The reply to the records below should contain exactly the lines from the line with "k V E \<longleftrightarrow>" through the line with "(V,E) is exactly", and nothing besides.

+++ Supplied records +++

(* There exists an infinite maximal triangle-free graph which satisfies property $\mathscr{D}_k$ for every $k\ge1$ but which is not a blow-up of any finite graph.
   Context: A (possibly infinite) graph is maximal triangle-free if it contains no triangle but adding any new edge between non-adjacent vertices creates a triangle. Property $\mathscr{D}_k$: for every $m\in\{1,\dots,k\}$ and every sequence $x_1,\dots,x_{3m}$ of (not necessarily distinct) vertices there is a vertex $y$ with $|\{i\in[3m]: x_iy\in E(G)\}|\ge m+1$. A blow-up of $H$ is any graph obtained by replacing each vertex of $H$ by a non-empty independent set (possibly infinite) and each edge of $H$ by the complete bipartite graph between the corresponding sets, with no further edges. *)

theory Defs
  imports Main
begin

definition simple_graph :: "'a set \<Rightarrow> ('a \<Rightarrow> 'a \<Rightarrow> bool) \<Rightarrow> bool" where
  "simple_graph V E \<longleftrightarrow>
     (\<forall>x y. E x y \<longrightarrow> x \<in> V \<and> y \<in> V) \<and>
     (\<forall>x y. E x y \<longrightarrow> E y x) \<and> (\<forall>x. \<not> E x x)"

definition triangle_free :: "'a set \<Rightarrow> ('a \<Rightarrow> 'a \<Rightarrow> bool) \<Rightarrow> bool" where
  "triangle_free V E \<longleftrightarrow>
     \<not> (\<exists>x\<in>V. \<exists>y\<in>V. \<exists>z\<in>V. E x y \<and> E y z \<and> E x z)"

definition maximal_triangle_free :: "'a set \<Rightarrow> ('a \<Rightarrow> 'a \<Rightarrow> bool) \<Rightarrow> bool" where
  "maximal_triangle_free V E \<longleftrightarrow>
     simple_graph V E \<and> triangle_free V E \<and>
     (\<forall>x\<in>V. \<forall>y\<in>V. x \<noteq> y \<and> \<not> E x y \<longrightarrow> (\<exists>z\<in>V. E x z \<and> E y z))"

definition property_D :: "nat \<Rightarrow> 'a set \<Rightarrow> ('a \<Rightarrow> 'a \<Rightarrow> bool) \<Rightarrow> bool" where
  "property_D k V E \<longleftrightarrow>
     (\<forall>m\<in>{1..k}. \<forall>x :: nat \<Rightarrow> 'a. (\<forall>i\<in>{1..3*m}. x i \<in> V) \<longrightarrow>
        (\<exists>y\<in>V. card {i\<in>{1..3*m}. E (x i) y} \<ge> m + 1))"

text \<open>(V,E) is a blow-up of (W,F): there is a map f from V onto W (so every
  class f^{-1}(w) is a non-empty independent set) such that adjacency in
  (V,E) is exactly adjacency of the images in (W,F).\<close>
definition blow_up_of :: "'a set \<Rightarrow> ('a \<Rightarrow> 'a \<Rightarrow> bool) \<Rightarrow> 'b set \<Rightarrow> ('b \<Rightarrow> 'b \<Rightarrow> bool) \<Rightarrow> bool" where
  "blow_up_of V E W F \<longleftrightarrow>
     (\<exists>f. f ` V = W \<and> (\<forall>u\<in>V. \<forall>v\<in>V. E u v \<longleftrightarrow> F (f u) (f v)))"

end

theory Submission
  imports Defs Complex_Main "HOL-Library.Nat_Bijection"
begin

text \<open>The graph lives on the dyadic rationals of \<open>[0,1)\<close>, each coded by infinitely many natural
  numbers; two points are adjacent when their distance lies strictly between 1/3 and 2/3.
  No three points of \<open>[0,1)\<close> are pairwise adjacent, and since no dyadic distance equals 1/3
  or 2/3, two non-adjacent points have a whole open interval of common neighbours, which
  contains a dyadic point.  For \<open>D\<^sub>k\<close>, put the \<open>3m\<close> given points on a grid of mesh
  \<open>1/N\<close>, with \<open>N\<close> a power of 2 and \<open>N = 3k - 1\<close>: each of them is adjacent to at least \<open>k\<close>
  grid points, so by double counting some grid point is adjacent to more than \<open>m\<close> of them.
  Finally the points \<open>1/2\<^sup>j\<close>, \<open>j \<ge> 2\<close>, have pairwise distinct neighbourhoods, which is impossible
  in a blow-up of a finite graph.\<close>

definition dyadic_level :: "nat \<Rightarrow> nat" where
  "dyadic_level n = snd (prod_decode n)"

definition dyadic :: "nat \<Rightarrow> real" where
  "dyadic n = real (fst (prod_decode n) mod 2 ^ dyadic_level n) / 2 ^ dyadic_level n"

lemma dyadic_prod_encode: "t < 2 ^ j \<Longrightarrow> dyadic (prod_encode (t, j)) = real t / 2 ^ j"
  by (simp add: dyadic_def dyadic_level_def prod_encode_inverse)

lemma dyadic_in_unit_interval: "dyadic n \<in> {0..<1}"
proof -
  have "real (fst (prod_decode n) mod 2 ^ dyadic_level n) < 2 ^ dyadic_level n"
    by (metis mod_less_divisor of_nat_less_numeral_power_cancel_iff pos2 zero_less_power)
  then show ?thesis
    by (simp add: dyadic_def)
qed

lemma dyadic_on_grid:
  assumes "dyadic_level n \<le> J"
  obtains s where "s < 2 ^ J" "dyadic n = real s / 2 ^ J"
proof
  let ?j = "dyadic_level n" and ?r = "fst (prod_decode n) mod 2 ^ dyadic_level n"
  have split: "(2::nat) ^ J = 2 ^ ?j * 2 ^ (J - ?j)"
    using assms by (simp flip: power_add)
  show "?r * 2 ^ (J - ?j) < 2 ^ J"
    unfolding split by simp
  show "dyadic n = real (?r * 2 ^ (J - ?j)) / 2 ^ J"
    unfolding dyadic_def using arg_cong[OF split, of real] by simp
qed

lemma dyadic_dense:
  assumes "0 \<le> a" "a < b" "b \<le> 1"
  shows "\<exists>n. a < dyadic n \<and> dyadic n < b"
proof -
  obtain j where j: "1 / (b - a) < (2::real) ^ j"
    using real_arch_pow[of 2 "1 / (b - a)"] by auto
  have step: "1 / 2 ^ j < b - a"
    using j assms by (simp add: field_simps)
  define t where "t = nat \<lfloor>a * 2 ^ j\<rfloor> + 1"
  have t: "real t = of_int \<lfloor>a * 2 ^ j\<rfloor> + 1"
    unfolding t_def using assms by simp
  have lower: "a < real t / 2 ^ j"
    using t by (simp add: field_simps) linarith
  have "real t / 2 ^ j \<le> a + 1 / 2 ^ j"
    using t by (simp add: field_simps)
  with step have upper: "real t / 2 ^ j < b"
    by linarith
  then have "real t < b * 2 ^ j"
    by (simp add: field_simps)
  also have "\<dots> \<le> 2 ^ j"
    using assms by simp
  finally have "t < 2 ^ j"
    by simp
  with lower upper show ?thesis
    by (metis dyadic_prod_encode)
qed

lemma three_not_dvd_mult_pow2:
  fixes e :: int
  assumes "e \<in> {1, -1, 2, -2}"
  shows "\<not> 3 dvd e * 2 ^ J"
proof -
  have "coprime (3::int) (2 ^ J)"
    by simp
  then show ?thesis
    using assms by (auto simp: coprime_dvd_mult_left_iff)
qed

lemma dyadic_dist_not_third: "3 * \<bar>dyadic u - dyadic v\<bar> \<notin> {1, 2}"
proof
  assume third: "3 * \<bar>dyadic u - dyadic v\<bar> \<in> {1, 2}"
  define J where "J = dyadic_level u + dyadic_level v"
  obtain s where s: "dyadic u = real s / 2 ^ J"
    using dyadic_on_grid[of u J] J_def by auto
  obtain s' where s': "dyadic v = real s' / 2 ^ J"
    using dyadic_on_grid[of v J] J_def by auto
  have "3 * (dyadic u - dyadic v) \<in> of_int ` {1, -1, 2, -2}"
    using third by (auto simp: abs_if split: if_splits)
  then obtain e :: int where e: "e \<in> {1, -1, 2, -2}" "3 * (dyadic u - dyadic v) = of_int e"
    by blast
  then have "real_of_int (3 * (int s - int s')) = real_of_int (e * 2 ^ J)"
    using s s' by (simp add: field_simps)
  then have "3 * (int s - int s') = e * 2 ^ J"
    by linarith
  then show False
    using three_not_dvd_mult_pow2[OF e(1)] by (metis dvd_triv_left)
qed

+++

Answer to the problem.
  "property_D k V E \<longleftrightarrow>
     (\<forall>m\<in>{1..k}. \<forall>x :: nat \<Rightarrow> 'a. (\<forall>i\<in>{1..3*m}. x i \<in> V) \<longrightarrow>
        (\<exists>y\<in>V. card {i\<in>{1..3*m}. E (x i) y} \<ge> m + 1))"

text \<open>(V,E) is a blow-up of (W,F): there is a map f from V onto W (so every
  class f^{-1}(w) is a non-empty independent set) such that adjacency in
  (V,E) is exactly adjacency of the images in (W,F).\<close>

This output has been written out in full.